WORK REQUEST
The data below holds a line containing "a * (x (Suc" and a line containing "a0 \<le> ln"; please quote exactly those two lines and every line between them, and nothing else.

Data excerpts
*-*-*
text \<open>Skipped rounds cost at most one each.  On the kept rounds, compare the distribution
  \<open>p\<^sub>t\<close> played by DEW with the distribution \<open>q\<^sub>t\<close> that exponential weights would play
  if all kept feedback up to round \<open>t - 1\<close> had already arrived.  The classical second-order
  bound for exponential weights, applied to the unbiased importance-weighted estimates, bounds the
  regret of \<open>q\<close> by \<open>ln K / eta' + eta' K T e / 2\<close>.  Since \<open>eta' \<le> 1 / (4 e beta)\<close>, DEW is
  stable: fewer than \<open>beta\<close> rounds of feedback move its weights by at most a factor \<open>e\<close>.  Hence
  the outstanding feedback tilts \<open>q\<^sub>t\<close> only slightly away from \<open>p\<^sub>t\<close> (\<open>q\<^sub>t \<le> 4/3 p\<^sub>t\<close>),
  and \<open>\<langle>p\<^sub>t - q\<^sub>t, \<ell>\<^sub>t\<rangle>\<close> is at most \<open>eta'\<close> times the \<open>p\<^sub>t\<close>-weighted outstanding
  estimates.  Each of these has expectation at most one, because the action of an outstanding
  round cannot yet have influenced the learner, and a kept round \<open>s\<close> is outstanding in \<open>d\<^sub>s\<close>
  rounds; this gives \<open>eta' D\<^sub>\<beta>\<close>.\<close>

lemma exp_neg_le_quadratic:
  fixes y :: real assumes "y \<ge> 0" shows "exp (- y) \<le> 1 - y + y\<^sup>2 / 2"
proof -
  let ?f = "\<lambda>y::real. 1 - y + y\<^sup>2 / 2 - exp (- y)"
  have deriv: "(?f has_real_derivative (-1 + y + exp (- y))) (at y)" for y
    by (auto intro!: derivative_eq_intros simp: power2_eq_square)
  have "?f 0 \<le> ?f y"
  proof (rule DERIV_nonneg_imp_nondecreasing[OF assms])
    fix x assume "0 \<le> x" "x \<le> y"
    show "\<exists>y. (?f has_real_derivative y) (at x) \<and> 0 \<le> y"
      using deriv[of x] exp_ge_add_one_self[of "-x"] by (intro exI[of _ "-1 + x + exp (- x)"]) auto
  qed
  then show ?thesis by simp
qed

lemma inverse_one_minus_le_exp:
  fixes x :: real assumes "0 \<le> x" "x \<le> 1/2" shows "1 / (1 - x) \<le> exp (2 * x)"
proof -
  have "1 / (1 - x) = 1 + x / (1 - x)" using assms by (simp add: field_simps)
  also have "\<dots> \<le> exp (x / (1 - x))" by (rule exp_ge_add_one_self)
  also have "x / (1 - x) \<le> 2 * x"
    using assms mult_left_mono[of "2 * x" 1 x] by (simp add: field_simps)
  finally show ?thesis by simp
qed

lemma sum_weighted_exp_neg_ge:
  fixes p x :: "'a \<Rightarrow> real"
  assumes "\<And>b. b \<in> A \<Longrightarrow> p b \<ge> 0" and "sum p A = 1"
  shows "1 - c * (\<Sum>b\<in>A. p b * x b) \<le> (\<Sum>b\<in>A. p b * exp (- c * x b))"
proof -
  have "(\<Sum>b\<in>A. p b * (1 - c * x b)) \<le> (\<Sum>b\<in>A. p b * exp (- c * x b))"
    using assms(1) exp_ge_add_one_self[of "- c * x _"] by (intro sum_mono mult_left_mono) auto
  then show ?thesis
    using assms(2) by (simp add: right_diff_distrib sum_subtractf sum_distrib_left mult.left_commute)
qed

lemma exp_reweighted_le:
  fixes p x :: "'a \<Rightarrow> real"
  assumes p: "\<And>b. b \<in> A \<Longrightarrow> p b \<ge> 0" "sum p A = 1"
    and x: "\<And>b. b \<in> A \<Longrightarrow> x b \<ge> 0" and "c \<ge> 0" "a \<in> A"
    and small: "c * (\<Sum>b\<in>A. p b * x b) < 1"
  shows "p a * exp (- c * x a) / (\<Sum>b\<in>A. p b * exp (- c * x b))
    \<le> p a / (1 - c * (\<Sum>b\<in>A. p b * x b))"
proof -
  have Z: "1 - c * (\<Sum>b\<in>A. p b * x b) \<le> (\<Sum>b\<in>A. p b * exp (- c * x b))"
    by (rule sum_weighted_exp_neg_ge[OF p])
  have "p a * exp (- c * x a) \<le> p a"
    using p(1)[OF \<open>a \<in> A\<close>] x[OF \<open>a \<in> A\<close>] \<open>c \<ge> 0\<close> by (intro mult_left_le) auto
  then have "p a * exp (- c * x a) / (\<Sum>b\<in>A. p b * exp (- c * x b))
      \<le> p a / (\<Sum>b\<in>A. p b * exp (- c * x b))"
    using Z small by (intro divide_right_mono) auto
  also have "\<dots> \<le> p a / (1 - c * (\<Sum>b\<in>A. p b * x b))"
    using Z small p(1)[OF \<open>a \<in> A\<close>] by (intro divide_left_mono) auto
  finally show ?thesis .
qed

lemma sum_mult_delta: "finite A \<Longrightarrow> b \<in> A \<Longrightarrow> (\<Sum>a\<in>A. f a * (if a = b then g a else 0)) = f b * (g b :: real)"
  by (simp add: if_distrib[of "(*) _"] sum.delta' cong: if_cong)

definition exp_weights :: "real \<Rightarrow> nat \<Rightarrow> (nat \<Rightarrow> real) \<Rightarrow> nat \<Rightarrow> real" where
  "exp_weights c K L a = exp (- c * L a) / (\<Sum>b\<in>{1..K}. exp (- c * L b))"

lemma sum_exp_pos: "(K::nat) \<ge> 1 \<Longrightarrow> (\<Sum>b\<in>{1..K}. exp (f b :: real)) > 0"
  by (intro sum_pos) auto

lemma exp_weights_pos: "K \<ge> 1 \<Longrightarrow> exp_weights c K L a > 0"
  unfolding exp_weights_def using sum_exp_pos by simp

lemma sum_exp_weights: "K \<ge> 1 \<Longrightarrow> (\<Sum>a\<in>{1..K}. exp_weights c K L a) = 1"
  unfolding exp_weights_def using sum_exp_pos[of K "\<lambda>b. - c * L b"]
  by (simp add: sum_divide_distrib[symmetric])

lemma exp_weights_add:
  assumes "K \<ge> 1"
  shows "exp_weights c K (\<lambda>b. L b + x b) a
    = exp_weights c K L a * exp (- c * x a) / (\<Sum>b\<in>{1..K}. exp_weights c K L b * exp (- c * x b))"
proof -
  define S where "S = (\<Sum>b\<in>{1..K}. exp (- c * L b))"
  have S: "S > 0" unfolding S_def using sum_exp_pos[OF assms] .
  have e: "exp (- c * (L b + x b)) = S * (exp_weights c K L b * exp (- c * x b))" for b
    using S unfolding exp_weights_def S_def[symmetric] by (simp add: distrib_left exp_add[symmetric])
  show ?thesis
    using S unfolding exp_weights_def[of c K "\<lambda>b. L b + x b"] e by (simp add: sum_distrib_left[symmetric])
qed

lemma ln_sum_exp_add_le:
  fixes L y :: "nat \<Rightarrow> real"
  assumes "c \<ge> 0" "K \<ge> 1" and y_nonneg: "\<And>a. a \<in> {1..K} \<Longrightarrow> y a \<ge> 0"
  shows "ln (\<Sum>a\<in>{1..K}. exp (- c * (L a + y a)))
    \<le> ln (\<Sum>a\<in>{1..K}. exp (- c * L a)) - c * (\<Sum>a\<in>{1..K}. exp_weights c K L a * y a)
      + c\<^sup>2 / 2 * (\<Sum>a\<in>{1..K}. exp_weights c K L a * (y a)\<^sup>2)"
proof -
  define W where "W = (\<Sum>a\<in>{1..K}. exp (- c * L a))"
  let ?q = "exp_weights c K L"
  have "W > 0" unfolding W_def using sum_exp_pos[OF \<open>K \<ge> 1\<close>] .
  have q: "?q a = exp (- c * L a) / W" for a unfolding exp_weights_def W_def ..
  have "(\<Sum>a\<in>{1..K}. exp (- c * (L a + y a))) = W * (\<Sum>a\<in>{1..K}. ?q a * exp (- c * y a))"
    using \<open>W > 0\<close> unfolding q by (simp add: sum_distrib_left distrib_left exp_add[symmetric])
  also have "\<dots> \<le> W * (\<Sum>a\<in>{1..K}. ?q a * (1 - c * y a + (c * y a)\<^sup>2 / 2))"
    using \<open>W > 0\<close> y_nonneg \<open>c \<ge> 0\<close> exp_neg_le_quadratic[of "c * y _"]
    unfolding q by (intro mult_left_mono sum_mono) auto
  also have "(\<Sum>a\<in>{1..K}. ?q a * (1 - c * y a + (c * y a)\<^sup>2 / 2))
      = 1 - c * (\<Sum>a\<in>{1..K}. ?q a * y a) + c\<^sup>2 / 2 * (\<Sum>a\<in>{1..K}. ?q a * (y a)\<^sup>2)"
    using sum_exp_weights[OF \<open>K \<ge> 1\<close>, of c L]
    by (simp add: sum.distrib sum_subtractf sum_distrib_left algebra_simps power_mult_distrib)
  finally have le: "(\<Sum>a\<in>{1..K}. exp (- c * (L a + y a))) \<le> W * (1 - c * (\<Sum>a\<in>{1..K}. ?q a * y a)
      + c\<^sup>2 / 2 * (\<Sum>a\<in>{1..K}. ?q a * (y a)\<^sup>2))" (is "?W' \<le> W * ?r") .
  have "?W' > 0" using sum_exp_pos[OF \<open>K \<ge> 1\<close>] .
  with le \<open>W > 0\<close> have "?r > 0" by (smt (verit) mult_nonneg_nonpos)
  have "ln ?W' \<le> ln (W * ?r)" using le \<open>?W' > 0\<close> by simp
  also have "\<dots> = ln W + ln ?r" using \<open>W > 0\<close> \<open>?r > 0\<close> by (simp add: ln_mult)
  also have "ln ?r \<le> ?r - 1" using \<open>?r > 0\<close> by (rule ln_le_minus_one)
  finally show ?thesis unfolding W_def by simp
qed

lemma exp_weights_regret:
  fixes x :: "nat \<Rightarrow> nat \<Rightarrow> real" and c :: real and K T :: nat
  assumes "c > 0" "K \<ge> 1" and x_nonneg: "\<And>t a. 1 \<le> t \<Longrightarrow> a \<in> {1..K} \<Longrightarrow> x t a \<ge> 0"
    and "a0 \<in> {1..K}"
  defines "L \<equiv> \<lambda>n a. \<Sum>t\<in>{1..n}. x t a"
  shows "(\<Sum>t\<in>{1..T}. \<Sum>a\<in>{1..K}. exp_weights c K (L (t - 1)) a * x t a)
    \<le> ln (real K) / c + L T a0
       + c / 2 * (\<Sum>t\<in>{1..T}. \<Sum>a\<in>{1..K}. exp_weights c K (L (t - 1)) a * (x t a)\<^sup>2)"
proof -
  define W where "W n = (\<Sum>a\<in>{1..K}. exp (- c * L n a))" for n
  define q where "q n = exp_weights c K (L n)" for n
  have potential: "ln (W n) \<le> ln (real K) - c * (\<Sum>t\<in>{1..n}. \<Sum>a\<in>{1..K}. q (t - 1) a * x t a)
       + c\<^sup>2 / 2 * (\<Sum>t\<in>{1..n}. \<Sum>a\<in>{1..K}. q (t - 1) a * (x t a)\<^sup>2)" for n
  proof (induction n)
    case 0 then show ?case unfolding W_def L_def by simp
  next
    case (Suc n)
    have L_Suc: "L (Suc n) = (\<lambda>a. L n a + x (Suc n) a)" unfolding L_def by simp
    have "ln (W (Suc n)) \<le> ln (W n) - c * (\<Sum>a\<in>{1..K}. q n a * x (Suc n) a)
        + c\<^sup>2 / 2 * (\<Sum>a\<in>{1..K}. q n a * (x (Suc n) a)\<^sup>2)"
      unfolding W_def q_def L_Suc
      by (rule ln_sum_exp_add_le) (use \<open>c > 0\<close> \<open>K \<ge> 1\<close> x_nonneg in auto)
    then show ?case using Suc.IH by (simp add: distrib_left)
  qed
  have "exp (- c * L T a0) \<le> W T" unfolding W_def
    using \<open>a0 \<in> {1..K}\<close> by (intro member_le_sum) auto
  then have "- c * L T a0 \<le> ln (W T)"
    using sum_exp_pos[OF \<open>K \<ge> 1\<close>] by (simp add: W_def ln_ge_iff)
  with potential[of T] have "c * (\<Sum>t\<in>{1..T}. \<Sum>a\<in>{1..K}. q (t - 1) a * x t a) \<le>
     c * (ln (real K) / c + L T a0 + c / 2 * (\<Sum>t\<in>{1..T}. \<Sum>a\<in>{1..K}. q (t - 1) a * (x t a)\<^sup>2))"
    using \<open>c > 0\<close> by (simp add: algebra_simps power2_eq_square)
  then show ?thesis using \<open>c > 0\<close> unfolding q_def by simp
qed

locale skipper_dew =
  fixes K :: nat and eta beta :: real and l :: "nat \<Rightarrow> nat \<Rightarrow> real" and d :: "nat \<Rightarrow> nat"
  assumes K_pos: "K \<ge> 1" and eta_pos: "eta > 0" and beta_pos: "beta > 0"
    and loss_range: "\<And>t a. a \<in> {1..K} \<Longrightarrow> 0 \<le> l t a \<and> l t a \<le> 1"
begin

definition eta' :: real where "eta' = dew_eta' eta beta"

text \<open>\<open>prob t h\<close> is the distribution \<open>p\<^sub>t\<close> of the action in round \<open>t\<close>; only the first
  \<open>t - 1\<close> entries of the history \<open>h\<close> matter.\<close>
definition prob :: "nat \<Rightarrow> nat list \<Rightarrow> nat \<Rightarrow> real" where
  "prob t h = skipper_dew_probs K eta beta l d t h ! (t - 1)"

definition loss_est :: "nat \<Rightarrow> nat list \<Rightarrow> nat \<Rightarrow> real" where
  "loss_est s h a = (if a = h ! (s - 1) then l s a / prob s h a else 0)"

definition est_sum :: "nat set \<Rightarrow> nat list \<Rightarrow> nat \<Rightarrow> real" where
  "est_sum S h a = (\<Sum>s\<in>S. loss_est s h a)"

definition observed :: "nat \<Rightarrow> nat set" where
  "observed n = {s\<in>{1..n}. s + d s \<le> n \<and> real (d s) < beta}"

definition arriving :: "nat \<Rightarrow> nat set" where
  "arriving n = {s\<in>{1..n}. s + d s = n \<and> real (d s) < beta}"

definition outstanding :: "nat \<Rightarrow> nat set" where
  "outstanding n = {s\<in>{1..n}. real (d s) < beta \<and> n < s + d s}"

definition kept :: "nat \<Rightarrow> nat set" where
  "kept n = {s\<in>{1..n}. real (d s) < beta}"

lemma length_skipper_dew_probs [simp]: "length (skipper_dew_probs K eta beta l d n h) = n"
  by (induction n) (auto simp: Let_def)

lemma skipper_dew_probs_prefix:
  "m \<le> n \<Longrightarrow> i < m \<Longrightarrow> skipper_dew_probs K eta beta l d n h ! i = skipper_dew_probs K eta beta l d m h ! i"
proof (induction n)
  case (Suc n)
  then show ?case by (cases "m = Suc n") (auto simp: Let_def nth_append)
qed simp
*-*-*
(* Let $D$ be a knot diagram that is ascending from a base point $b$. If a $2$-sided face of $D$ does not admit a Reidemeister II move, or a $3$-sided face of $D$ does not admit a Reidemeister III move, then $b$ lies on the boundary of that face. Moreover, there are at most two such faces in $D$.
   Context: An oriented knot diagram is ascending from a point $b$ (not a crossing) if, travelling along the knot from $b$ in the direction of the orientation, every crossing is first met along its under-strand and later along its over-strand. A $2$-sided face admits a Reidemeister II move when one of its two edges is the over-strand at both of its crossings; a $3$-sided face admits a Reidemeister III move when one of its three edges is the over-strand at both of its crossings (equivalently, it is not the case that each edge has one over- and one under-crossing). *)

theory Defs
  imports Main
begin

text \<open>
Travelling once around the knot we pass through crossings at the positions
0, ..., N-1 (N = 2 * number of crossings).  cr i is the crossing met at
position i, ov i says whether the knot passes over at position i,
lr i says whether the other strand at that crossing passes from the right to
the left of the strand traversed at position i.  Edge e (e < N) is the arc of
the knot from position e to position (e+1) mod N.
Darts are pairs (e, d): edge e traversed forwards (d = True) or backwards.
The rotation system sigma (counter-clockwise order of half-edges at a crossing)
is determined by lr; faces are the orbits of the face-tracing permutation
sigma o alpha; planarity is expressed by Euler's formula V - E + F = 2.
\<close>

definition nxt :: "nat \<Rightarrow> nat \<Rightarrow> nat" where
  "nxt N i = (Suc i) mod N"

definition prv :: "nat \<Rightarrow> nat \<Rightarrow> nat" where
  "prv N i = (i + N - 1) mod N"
*-*-*
TASK OUTPUT
        + c\<^sup>2 / 2 * (\<Sum>a\<in>{1..K}. q n a * (x (Suc n) a)\<^sup>2)"
      unfolding W_def q_def L_Suc
      by (rule ln_sum_exp_add_le) (use \<open>c > 0\<close> \<open>K \<ge> 1\<close> x_nonneg in auto)
    then show ?case using Suc.IH by (simp add: distrib_left)
  qed
  have "exp (- c * L T a0) \<le> W T" unfolding W_def
    using \<open>a0 \<in> {1..K}\<close> by (intro member_le_sum) auto
  then have "- c * L T a0 \<le> ln (W T)"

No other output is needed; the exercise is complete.